Haltet gut Wache und seht zu, was geschieht.«
Nicht lange, und sie hörten ein Flügelschlagen. Die Drossel kehrte zurück. Und mit ihr kam ein uralter, fast blinder Vogel, der nur noch schwerfällig flog und einen kahlen Kopf hatte. Es war ein hochbetagter, außerordentlich großer Rabe. Steif setzte er sich vor ihnen auf den Boden, schlug müde ein paarmal mit den Schwingen und hüpfte Thorin entgegen.
»O Thorin, Sohn von Thrain, und Balin, Sohn von Fundin, krächzte er (Bilbo verstand, was er sagte, denn er benutzte die gewöhnliche und nicht die Vogelsprache). »Ich bin Roäc, Sohn von Carc. Carc ist tot, aber Ihr kanntet ihn einst gut. Es ist zwar schon einhundertdreiundfünfzig Jahre her, daß ich aus dem Ei kroch, aber nie werde ich vergessen, was mein Vater mir sagte. Jetzt bin ich Herr der großen Bergraben. Wir sind nur wenige, aber wir erinnern uns gut an den König der alten Zeiten. Die meisten meines Volkes sind unterwegs, denn es stehen im Süden wichtige Ereignisse bevor, Ereignisse, die Euch freuen, aber auch andere, die Euch Sorge machen werden.

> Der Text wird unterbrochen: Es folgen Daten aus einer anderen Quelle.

text \<open>
  Let Z = Y - Y'. Every vertex of Y' has all four of its edges in F, so each x \<in> X has two F-edges
  into Y' and its third edge r x into Z. Choose one F-edge a x at every x so that every y \<in> Y'
  receives exactly two of them, from c y and n y; then choose the labelling c/n so that every
  z \<in> Z receives exactly two of the edges r (c y), from y = q1 z and y = q2 z. Both choices halve
  even fibres of a pairing, which follows from an Euler-type orientation of an auxiliary multigraph
  in which every vertex has as many outgoing as incoming edges. The paths
  n (q1 z), q1 z, c (q1 z), z, c (q2 z), q2 z, n (q2 z) for z \<in> Z form a P7-factor.

  The edges outside the factor form a bipartite graph of maximum degree 2; colour them properly
  with 3 and 4. The six edges of each path are coloured from {1, 2, 5, 6} by a table that depends
  only on the colours of the remaining edges at c (q1 z) and c (q2 z), and the colours at every
  vertex then form an interval.
\<close>

section \<open>Almost balanced orientations of multigraphs\<close>

definition tail :: "('e \<Rightarrow> bool) \<Rightarrow> ('e \<Rightarrow> 'v \<times> 'v) \<Rightarrow> 'e \<Rightarrow> 'v" where
  "tail ori ends e = (if ori e then fst (ends e) else snd (ends e))"

definition head :: "('e \<Rightarrow> bool) \<Rightarrow> ('e \<Rightarrow> 'v \<times> 'v) \<Rightarrow> 'e \<Rightarrow> 'v" where
  "head ori ends e = (if ori e then snd (ends e) else fst (ends e))"
lemma lenTA_eq_min:
  assumes "n \<ge> 2" "v \<in> alt_group n"
  shows "lenTA n v = min (transposition_length {1..n} v)
                         (transposition_length {1..n} (Transposition.transpose 1 2 \<circ> v))"
proof -
  let ?S = "{1..n}" and ?\<sigma> = "Transposition.transpose (1::nat) 2"
  let ?d = "transposition_length ?S"
  define word where
    "word k \<longleftrightarrow> (\<exists>ts. length ts = k \<and> set ts \<subseteq> TA n \<and> v = foldr (\<circ>) ts id)" for k
  have len: "lenTA n v = (LEAST k. word k)" unfolding lenTA_def word_def ..
  have v: "v permutes ?S" "evenperm v" using assms(2) unfolding alt_group_def by auto
  have \<sigma>: "?\<sigma> permutes ?S" using assms(1) by (simp add: permutes_swap_id)
  have word_of_permutes: "word (?d u)"
    if u: "u permutes ?S" and uv: "?\<sigma> ^^ ?d u \<circ> u = v" for u
  proof -
    obtain ps where ps: "\<forall>(a,b)\<in>set ps. a \<noteq> b \<and> a \<in> ?S \<and> b \<in> ?S" "length ps = ?d u"
        "apply_transps ps = u"
      using apply_transps_of_transposition_length[OF _ u] by auto
    obtain ts where "set ts \<subseteq> TA n" "length ts = length ps"
        "foldr (\<circ>) ts id = (?\<sigma> ^^ length ps) \<circ> apply_transps ps"
      using transps_to_TA_word[OF assms(1) ps(1)] by blast
    then show ?thesis using ps(2,3) uv unfolding word_def by auto
  qed
  have "even (?d v)" using evenperm_iff_even_transposition_length[OF _ v(1)] v(2) by simp
  then have word_v: "word (?d v)" using word_of_permutes[OF v(1)] by (simp add: funpow_transpose)
  have "\<not> evenperm (?\<sigma> \<circ> v)"
    using v(2) evenperm_comp[OF permutation_swap_id permutes_imp_permutation[OF _ v(1)]]
    by (simp add: evenperm_swap)
  then have "odd (?d (?\<sigma> \<circ> v))"
    using evenperm_iff_even_transposition_length[OF _ permutes_compose[OF v(1) \<sigma>]] by simp
  then have word_\<sigma>v: "word (?d (?\<sigma> \<circ> v))"
    using word_of_permutes permutes_compose[OF v(1) \<sigma>]
    by (simp add: funpow_transpose o_assoc)
  have "word (lenTA n v)" unfolding len using word_v by (rule LeastI)
  then obtain ts where ts: "length ts = lenTA n v" "set ts \<subseteq> TA n" "v = foldr (\<circ>) ts id"
    unfolding word_def by blast
  then obtain ps where "\<forall>(a,b)\<in>set ps. a \<in> ?S \<and> b \<in> ?S" "length ps = lenTA n v"
      "apply_transps ps = (?\<sigma> ^^ lenTA n v) \<circ> v"
    using TA_word_to_transps[OF assms(1) ts(2)] by auto
  then have "?d ((?\<sigma> ^^ lenTA n v) \<circ> v) \<le> lenTA n v"
    using transposition_length_apply_transps_le[of ?S ps] by auto
  then have "min (?d v) (?d (?\<sigma> \<circ> v)) \<le> lenTA n v"
    by (cases "even (lenTA n v)") (auto simp: funpow_transpose)
  moreover have "lenTA n v \<le> ?d v" "lenTA n v \<le> ?d (?\<sigma> \<circ> v)"
    unfolding len using word_v word_\<sigma>v by (auto intro: Least_le)
  ultimately show ?thesis by linarith
qed
lemma lookup_monom: "Poly_Mapping.lookup (monom g :: ('v, 'k::field) mpoly) h = (if h = g then 1 else 0)"
  by (simp add: monom_def lookup_single when_def)

lemma keys_monom [simp]: "Poly_Mapping.keys (monom g :: ('v, 'k::field) mpoly) = {g}"
  by (simp add: monom_def)

lemma monom_mult: "(monom g * monom h :: ('v, 'k::field) mpoly) = monom (g + h)"
  by (simp add: monom_def mult_single)

lemma monom_eq_iff [simp]: "(monom g :: ('v, 'k::field) mpoly) = monom h \<longleftrightarrow> g = h"
  by (metis keys_monom singleton_inject)

lemma inj_monom: "inj (monom :: _ \<Rightarrow> ('v, 'k::field) mpoly)"
  by (simp add: inj_def)

interpretation vs: vector_space "psmult :: 'k::field \<Rightarrow> ('v, 'k) mpoly \<Rightarrow> _"
  by unfold_locales (auto intro!: poly_mapping_eqI simp: lookup_add algebra_simps)

lemma kspan_eq_span: "kspan = vs.span"
  by (simp add: kspan_def fun_eq_iff)

lemma kdim_eq_dim: "kdim = vs.dim"
  by (simp add: kdim_def fun_eq_iff)

definition supported_in :: "('v \<Rightarrow>\<^sub>0 nat) set \<Rightarrow> ('v, 'k::field) mpoly set" where
  "supported_in G = {p. Poly_Mapping.keys p \<subseteq> G}"

lemma keys_psmult_subset: "Poly_Mapping.keys (psmult c p) \<subseteq> Poly_Mapping.keys p"
  by (auto simp: in_keys_iff)
(* Let $p$ be an odd prime, $\ell$ an integer not divisible by $p$, $a$ the remainder of $\ell$ mod $p$, $\nu_i=\lfloor\frac{a+i\ell}{p}\rfloor$ and $n_i=\min_{0\le j\le p-1-i}(\nu_{i+j}-\nu_j)$ for $0\le i\le p-1$. Fix $0\le k,i\le p-1$ with $k+i\le p-1$ and put $h=p-i$, and for $0\le j\le p-1$ let $\mu^{(k)}_{j,i}=\delta_{j,k+i}\,\pi_K^{\nu_j-\nu_k-n_i}$ (these lie in $\mathcal{O}_K$), with $\overline{\mu}^{(k)}_{j,i}$ its reduction modulo $\mathfrak{p}_K$. Then: (1) if $j\ne k+i$, $\overline{\mu}^{(k)}_{j,i}=0$; (2) if $h\notin E$, then $\overline{\mu}^{(k)}_{k+i,i}=1$ if $h=p$ or $\operatorname{frac}((k+1)a/p)<\operatorname{frac}(ha/p)$, and $\overline{\mu}^{(k)}_{k+i,i}=0$ otherwise; (3) if $h\in E$, then $\overline{\mu}^{(k)}_{k+i,i}=1$.
   Context: $K$ is a $p$-adic field with uniformizer $\pi_K$ and maximal ideal $\mathfrak{p}_K$. For a real $x$, $\operatorname{frac}(x)=x-\lfloor x\rfloor$. $E=\{h\in\mathbb{Z}: 1\le h<p,\ \text{and for all integers } 1\le h'<h,\ \operatorname{frac}(h'a/p)>\operatorname{frac}(ha/p)\}$. (Interpretation: in the typical setting with $H=K[w]$, $\mu^{(k)}_{j,i}$ is the coefficient of $\pi_K^{-\nu_j}w^j$ in $\pi_K^{-\nu_k}w^k\cdot\pi_K^{-n_i}w^i$, i.e. the $(j,i)$ entry of the matrix of multiplication by $\pi_K^{-\nu_k}w^k$ from the basis $\{\pi_K^{-n_i}w^i\}$ of $\mathfrak{A}_{L/K}$ to the basis $\{\pi_K^{-\nu_j}w^j\}$ of $\mathfrak{A}_\theta$.) *)

theory Defs
  imports Complex_Main "HOL-Computational_Algebra.Primes"
begin

text \<open>Discrete valuation on a field (value at 0 is irrelevant and ignored).\<close>
definition discrete_valuation :: "('a::field \<Rightarrow> int) \<Rightarrow> bool" where
  "discrete_valuation v \<longleftrightarrow>
     (\<forall>x y. x \<noteq> 0 \<and> y \<noteq> 0 \<longrightarrow> v (x * y) = v x + v y) \<and>
     (\<forall>x y. x \<noteq> 0 \<and> y \<noteq> 0 \<and> x + y \<noteq> 0 \<longrightarrow> v (x + y) \<ge> min (v x) (v y))"
lemma char_poly_integer_spectrum:
  fixes M :: "complex mat"
  assumes M: "M \<in> carrier_mat n n" and "spectrum M \<subseteq> \<int>"
  shows "\<exists>rs. length rs = n \<and> char_poly M = int_roots_poly rs
               \<and> (\<forall>r\<in>set rs. eigenvalue M (of_int r))"
proof -
  obtain as where as: "char_poly M = (\<Prod>a\<leftarrow>as. [:- a, 1:])" "length as = n"
    using char_poly_factorized[OF M] by blast
  have eig: "eigenvalue M a" if "a \<in> set as" for a
    using that unfolding eigenvalue_root_char_poly[OF M] as(1)
    by (auto simp: poly_prod_list prod_list_zero_iff)
  have int: "of_int \<lfloor>Re a\<rfloor> = a" if "a \<in> set as" for a
    using eig[OF that] assms(2) unfolding spectrum_def by (auto elim!: Ints_cases)
  define rs where "rs = map (\<lambda>a. \<lfloor>Re a\<rfloor>) as"
  have "map (\<lambda>r. [:- of_int r, 1:]) rs = map (\<lambda>a. [:- a, 1:]) as"
    unfolding rs_def using int by simp
  then have "char_poly M = int_roots_poly rs" using as(1) by simp
  moreover have "\<forall>r\<in>set rs. eigenvalue M (of_int r)"
    using eig int unfolding rs_def by auto
  moreover have "length rs = n" using as(2) by (simp add: rs_def)
  ultimately show ?thesis by blast
qed

lemma pencil_int_split_growth:
  fixes A B :: "complex mat"
  assumes A: "A \<in> carrier_mat n n" and B: "B \<in> carrier_mat n n"
    and spec: "\<forall>k :: nat. spectrum (of_nat k \<cdot>\<^sub>m A + B) \<subseteq> \<int>"
  shows "\<exists>C. int_split_growth (char_poly (pencil n A B)) n C"
proof -
  define S where "S = entry_norm_sum n A + entry_norm_sum n B"
  have "\<exists>rs. length rs = n \<and> ev (of_nat k) (char_poly (pencil n A B)) = int_roots_poly rs
              \<and> (\<forall>r\<in>set rs. \<bar>r\<bar> \<le> \<lceil>S\<rceil> * (int k + 1))" for k
  proof -
    have M: "of_nat k \<cdot>\<^sub>m A + B \<in> carrier_mat n n" using A B by simp
    obtain rs where rs: "length rs = n" "char_poly (of_nat k \<cdot>\<^sub>m A + B) = int_roots_poly rs"
      "\<forall>r\<in>set rs. eigenvalue (of_nat k \<cdot>\<^sub>m A + B) (of_int r)"
      using char_poly_integer_spectrum[OF M] spec by blast
    have "\<bar>r\<bar> \<le> \<lceil>S\<rceil> * (int k + 1)" if "r \<in> set rs" for r
    proof -
      have "real_of_int \<bar>r\<bar> = norm (complex_of_int r)" by simp
      also have "\<dots> \<le> entry_norm_sum n (of_nat k \<cdot>\<^sub>m A + B)"
        using eigenvalue_norm_le_entry_norm_sum[OF M] rs(3) that by blast
      also have "\<dots> \<le> real k * entry_norm_sum n A + entry_norm_sum n B"
        by (rule entry_norm_sum_pencil[OF A B])
      also have "\<dots> \<le> S * (real k + 1)"
        using entry_norm_sum_nonneg[of n A] entry_norm_sum_nonneg[of n B]
        by (simp add: S_def algebra_simps)
      also have "\<dots> \<le> real_of_int (\<lceil>S\<rceil> * (int k + 1))"
        by simp
      finally show ?thesis by (simp only: of_int_le_iff)
    qed
    then show ?thesis using rs ev_char_poly_pencil[OF A B] by auto
  qed
  then show ?thesis unfolding int_split_growth_def by blast
qed
(* Let $K\ge1$, let $\mathbf{\Phi}\in\mathbb{R}^{m\times n}$ satisfy the RIP of order $2K$ with $\delta:=\delta_{2K}\in(0,1)$. Let $\mathbf{x}\in\mathbb{R}^n$ with $\mathcal{T}=\mathrm{supp}(\mathbf{x})$, $|\mathcal{T}|=K$, let $\kappa:=\max_{i,j\in\mathcal{T}}|x_i|/|x_j|$, let $\mathbf{v}\in\mathbb{R}^m$, $\mathbf{y}=\mathbf{\Phi}\mathbf{x}+\mathbf{v}$, and assume $\mathrm{SNR}\ge\kappa^2\delta^{-3/2}$. Then for every $0\le k\le K-\lceil\delta^{1/2}K\rceil$ (with $k<K$), the OMP residuals satisfy $$\|\mathbf{r}^k\|_2^2-\|\mathbf{r}^{k+1}\|_2^2 \ge (1-7\delta^{1/2})\,\bigl(x^k_{\delta^{1/2}}\bigr)^2.$$
   Context: $\phi_i$ is the $i$-th column of $\mathbf{\Phi}$. RIP: for an integer $s\ge1$, the isometry constant $\delta_s$ of $\mathbf{\Phi}$ is the smallest $c\in[0,1)$ such that $(1-c)\|\mathbf{z}\|_2^2 \le \|\mathbf{\Phi}\mathbf{z}\|_2^2 \le (1+c)\|\mathbf{z}\|_2^2$ for all $s$-sparse $\mathbf{z}$. $\mathrm{SNR} := \|\mathbf{\Phi}\mathbf{x}\|_2^2/\|\mathbf{v}\|_2^2$. OMP with input $\mathbf{\Phi},\mathbf{y},K$: set $\mathcal{T}^0=\emptyset$, $\mathbf{r}^0=\mathbf{y}$; for $k=1,\dots,K$: choose $t^k \in \arg\max_{i\notin\mathcal{T}^{k-1}} |\langle\phi_i,\mathbf{r}^{k-1}\rangle|$ (ties arbitrary), set $\mathcal{T}^k=\mathcal{T}^{k-1}\cup\{t^k\}$, $\mathbf{x}^k = \arg\min_{\mathrm{supp}(\mathbf{u})\subseteq\mathcal{T}^k}\|\mathbf{y}-\mathbf{\Phi}\mathbf{u}\|_2$, $\mathbf{r}^k=\mathbf{y}-\mathbf{\Phi}\mathbf{x}^k$. For $0\le k\le K$: $\Gamma^k:=\mathcal{T}\setminus\mathcal{T}^k$; for $\tau\in(0,1]$, $x^k_\tau$ denotes the magnitude of the $\lceil\tau K\rceil$-th largest entry (in magnitude) of $\mathbf{x}_{\Gamma^k}$, with $x^k_\tau:=0$ if $\lceil\tau K\rceil>|\Gamma^k|$. *)

theory Defs
  imports "HOL-Analysis.Analysis" "HOL-Library.Multiset"
begin

definition supp :: "real ^ 'n \<Rightarrow> 'n set" where
  "supp z = {i. z $ i \<noteq> 0}"

definition sparse :: "nat \<Rightarrow> real ^ 'n \<Rightarrow> bool" where
  "sparse s z \<longleftrightarrow> card (supp z) \<le> s"

definition col :: "real ^ 'n ^ 'm \<Rightarrow> 'n \<Rightarrow> real ^ 'm" where
  "col Phi i = (\<chi> r. Phi $ r $ i)"

definition rip_holds :: "real ^ 'n ^ 'm \<Rightarrow> nat \<Rightarrow> real \<Rightarrow> bool" where
  "rip_holds Phi s c \<longleftrightarrow> 0 \<le> c \<and> c < 1 \<and>
     (\<forall>z. sparse s z \<longrightarrow>
        (1 - c) * (norm z)\<^sup>2 \<le> (norm (Phi *v z))\<^sup>2 \<and>
        (norm (Phi *v z))\<^sup>2 \<le> (1 + c) * (norm z)\<^sup>2)"

definition is_rip_const :: "real ^ 'n ^ 'm \<Rightarrow> nat \<Rightarrow> real \<Rightarrow> bool" where
  "is_rip_const Phi s \<delta> \<longleftrightarrow> rip_holds Phi s \<delta> \<and> (\<forall>c. rip_holds Phi s c \<longrightarrow> \<delta> \<le> c)"

text \<open>A run of OMP with K iterations, selected indices t 1, ..., t K and least-squares
  solutions u 0, ..., u K (with T^k = t ` {1..k}). Ties are resolved arbitrarily,
  i.e. any run satisfying the selection rule is admitted.\<close>
definition omp_run :: "real ^ 'n ^ 'm \<Rightarrow> real ^ 'm \<Rightarrow> nat \<Rightarrow> (nat \<Rightarrow> 'n) \<Rightarrow> (nat \<Rightarrow> real ^ 'n) \<Rightarrow> bool" where
  "omp_run Phi y K t u \<longleftrightarrow>
     (\<forall>k. 1 \<le> k \<and> k \<le> K \<longrightarrow>
        t k \<notin> t ` {1..<k} \<and>
        (\<forall>i. i \<notin> t ` {1..<k} \<longrightarrow>
           \<bar>col Phi i \<bullet> (y - Phi *v u (k - 1))\<bar> \<le> \<bar>col Phi (t k) \<bullet> (y - Phi *v u (k - 1))\<bar>)) \<and>
     (\<forall>k. k \<le> K \<longrightarrow>
        supp (u k) \<subseteq> t ` {1..k} \<and>
        (\<forall>w. supp w \<subseteq> t ` {1..k} \<longrightarrow> norm (y - Phi *v u k) \<le> norm (y - Phi *v w)))"

definition omp_res :: "real ^ 'n ^ 'm \<Rightarrow> real ^ 'm \<Rightarrow> (nat \<Rightarrow> real ^ 'n) \<Rightarrow> nat \<Rightarrow> real ^ 'm" where
  "omp_res Phi y u k = y - Phi *v u k"

text \<open>Magnitude of the j-th largest (in magnitude) entry of x restricted to A (j >= 1);
  0 if j exceeds card A.\<close>
definition jth_largest :: "real ^ 'n \<Rightarrow> 'n set \<Rightarrow> nat \<Rightarrow> real" where
  "jth_largest x A j =
     (if 1 \<le> j \<and> j \<le> card A
      then rev (sorted_list_of_multiset (image_mset (\<lambda>i. \<bar>x $ i\<bar>) (mset_set A))) ! (j - 1)
      else 0)"

definition x_tau :: "real ^ 'n \<Rightarrow> nat \<Rightarrow> (nat \<Rightarrow> 'n) \<Rightarrow> nat \<Rightarrow> real \<Rightarrow> real" where
  "x_tau x K t k \<tau> = jth_largest x (supp x - t ` {1..k}) (nat \<lceil>\<tau> * real K\<rceil>)"

definition kappa :: "real ^ 'n \<Rightarrow> real" where
  "kappa x = Max {\<bar>x $ i\<bar> / \<bar>x $ j\<bar> | i j. i \<in> supp x \<and> j \<in> supp x}"

end

theory Submission
  imports Defs
begin
text \<open>The two splitting lemmas below cut each path of P at its first (respectively last)
  visit to c; the pieces range independently over Q and R.\<close>

lemma paths_weight_split_first_visit:
  assumes Q: "\<And>q. q \<in> Q \<Longrightarrow> q \<noteq> [] \<and> last q = c \<and> c \<notin> set (butlast q)"
    and R: "\<And>r. r \<in> R \<Longrightarrow> r \<noteq> [] \<and> hd r = c"
    and QR: "\<And>ys zs. ys @ [c] \<in> Q \<Longrightarrow> c # zs \<in> R \<Longrightarrow> ys @ c # zs \<in> P"
    and P: "\<And>ys zs. ys @ c # zs \<in> P \<Longrightarrow> c \<notin> set ys \<Longrightarrow> ys @ [c] \<in> Q \<and> c # zs \<in> R"
    and Pc: "\<And>p. p \<in> P \<Longrightarrow> c \<in> set p"
  shows "paths_weight E P = paths_weight E Q * paths_weight E R"
proof -
  have split: "\<exists>ys zs. q = ys @ [c] \<and> c \<notin> set ys \<and> r = c # zs" if "q \<in> Q" "r \<in> R" for q r
    using Q[OF that(1)] R[OF that(2)] by (cases r) (auto intro!: exI[of _ "butlast q"])
  have "P = (\<lambda>(q, r). q @ tl r) ` (Q \<times> R)"
  proof (intro equalityI subsetI)
    fix p assume "p \<in> P"
    then obtain ys zs where "p = ys @ c # zs" "c \<notin> set ys"
      using Pc split_list_first by metis
    with P[of ys zs] \<open>p \<in> P\<close> show "p \<in> (\<lambda>(q, r). q @ tl r) ` (Q \<times> R)"
      by (auto intro!: image_eqI[where x="(ys @ [c], c # zs)"])
  next
    fix p assume "p \<in> (\<lambda>(q, r). q @ tl r) ` (Q \<times> R)"
    then obtain q r where "q \<in> Q" "r \<in> R" "p = q @ tl r" by auto
    with split[of q r] QR show "p \<in> P" by auto
  qed
  moreover have "inj_on (\<lambda>(q, r). q @ tl r) (Q \<times> R)"
  proof (rule inj_onI, clarify)
    fix q1 r1 q2 r2 assume "q1 \<in> Q" "r1 \<in> R" "q2 \<in> Q" "r2 \<in> R" and eq: "q1 @ tl r1 = q2 @ tl r2"
    then obtain ys1 zs1 ys2 zs2 where "q1 = ys1 @ [c]" "r1 = c # zs1" "q2 = ys2 @ [c]" "r2 = c # zs2"
      and "c \<notin> set ys1" "c \<notin> set ys2"
      using split by meson
    with eq show "q1 = q2 \<and> r1 = r2" using split_first_unique[of ys1 c zs1 ys2 zs2] by simp
  qed
  ultimately show ?thesis using Q R by (simp add: paths_weight_product)
qed

lemma paths_weight_split_last_visit:
  assumes Q: "\<And>q. q \<in> Q \<Longrightarrow> q \<noteq> [] \<and> last q = c"
    and R: "\<And>r. r \<in> R \<Longrightarrow> r \<noteq> [] \<and> hd r = c \<and> c \<notin> set (tl r)"
    and QR: "\<And>ys zs. ys @ [c] \<in> Q \<Longrightarrow> c # zs \<in> R \<Longrightarrow> ys @ c # zs \<in> P"
    and P: "\<And>ys zs. ys @ c # zs \<in> P \<Longrightarrow> c \<notin> set zs \<Longrightarrow> ys @ [c] \<in> Q \<and> c # zs \<in> R"
    and Pc: "\<And>p. p \<in> P \<Longrightarrow> c \<in> set p"
  shows "paths_weight E P = paths_weight E Q * paths_weight E R"
proof -
  have split: "\<exists>ys zs. q = ys @ [c] \<and> r = c # zs \<and> c \<notin> set zs" if "q \<in> Q" "r \<in> R" for q r
    using Q[OF that(1)] R[OF that(2)] by (cases r) (auto intro!: exI[of _ "butlast q"])
  have "P = (\<lambda>(q, r). q @ tl r) ` (Q \<times> R)"
  proof (intro equalityI subsetI)
    fix p assume "p \<in> P"
    then obtain ys zs where "p = ys @ c # zs" "c \<notin> set zs"
      using Pc split_list_last by metis
    with P[of ys zs] \<open>p \<in> P\<close> show "p \<in> (\<lambda>(q, r). q @ tl r) ` (Q \<times> R)"
      by (auto intro!: image_eqI[where x="(ys @ [c], c # zs)"])
  next
    fix p assume "p \<in> (\<lambda>(q, r). q @ tl r) ` (Q \<times> R)"
    then obtain q r where "q \<in> Q" "r \<in> R" "p = q @ tl r" by auto
    with split[of q r] QR show "p \<in> P" by auto
  qed
  moreover have "inj_on (\<lambda>(q, r). q @ tl r) (Q \<times> R)"
  proof (rule inj_onI, clarify)
    fix q1 r1 q2 r2 assume "q1 \<in> Q" "r1 \<in> R" "q2 \<in> Q" "r2 \<in> R" and eq: "q1 @ tl r1 = q2 @ tl r2"
    then obtain ys1 zs1 ys2 zs2 where "q1 = ys1 @ [c]" "r1 = c # zs1" "q2 = ys2 @ [c]" "r2 = c # zs2"
      and "c \<notin> set zs1" "c \<notin> set zs2"
      using split by meson
    with eq show "q1 = q2 \<and> r1 = r2" using split_last_unique[of ys1 c zs1 ys2 zs2] by simp
  qed
  ultimately show ?thesis using Q R by (simp add: paths_weight_product)
qed

section \<open>Green functions\<close>

definition avoiding_paths :: "'a set \<Rightarrow> 'a \<Rightarrow> 'a \<Rightarrow> 'a list set" where
  "avoiding_paths K a b = {p. p \<noteq> [] \<and> hd p = a \<and> last p = b \<and> set p \<inter> K = {}}"

definition green :: "('a \<Rightarrow> 'a \<Rightarrow> bool) \<Rightarrow> 'a set \<Rightarrow> 'a \<Rightarrow> ennreal" where
  "green E K z = paths_weight E (avoiding_paths K z z)"

lemma hd_append_Cons: "hd (ys @ c # zs) = (if ys = [] then c else hd ys)"
  by (cases ys) auto

lemmas path_split_simps = avoiding_paths_def hd_append_Cons butlast_append

lemma paths_weight_avoiding_paths_last_visit:
  "paths_weight E (avoiding_paths K u v)
    = green E K u * paths_weight E {r \<in> avoiding_paths K u v. u \<notin> set (tl r)}"
  unfolding green_def
  by (rule paths_weight_split_last_visit[where c=u])
     (auto simp: path_split_simps split: if_splits)

lemma paths_weight_avoiding_paths_first_visit:
  "paths_weight E (avoiding_paths K u v)
    = paths_weight E {s \<in> avoiding_paths K u v. v \<notin> set (butlast s)} * green E K v"
  unfolding green_def
  by (rule paths_weight_split_first_visit[where c=v])
     (auto simp: path_split_simps split: if_splits)

lemma paths_weight_no_return_first_visit:
  assumes "u \<noteq> v"
  shows "paths_weight E {r \<in> avoiding_paths K u v. u \<notin> set (tl r)}
    = paths_weight E {s \<in> avoiding_paths K u v. u \<notin> set (tl s) \<and> v \<notin> set (butlast s)}
      * green E (insert u K) v"
  unfolding green_def
  by (rule paths_weight_split_first_visit[where c=v])
     (use assms in \<open>auto simp: path_split_simps split: if_splits\<close>)

lemma paths_weight_first_visit_last_visit:
  assumes "u \<noteq> v"
  shows "paths_weight E {s \<in> avoiding_paths K u v. v \<notin> set (butlast s)}
    = green E (insert v K) u
      * paths_weight E {s \<in> avoiding_paths K u v. u \<notin> set (tl s) \<and> v \<notin> set (butlast s)}"
  unfolding green_def
  by (rule paths_weight_split_last_visit[where c=u])
     (use assms in \<open>auto simp: path_split_simps split: if_splits\<close>)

Schaut, die Vögel kommen aus Süd und Ost und West zum Berg und nach Dal zurück, denn das Wort geht um: Smaug ist tot!«
»Tot! Tot?« schrien die Zwerge. »Tot! Dann haben wir unnütz Angst vor ihm gehabt – dann ist der Schatz unser!« Sie sprangen auf und vollführten Luftsprünge vor Freude.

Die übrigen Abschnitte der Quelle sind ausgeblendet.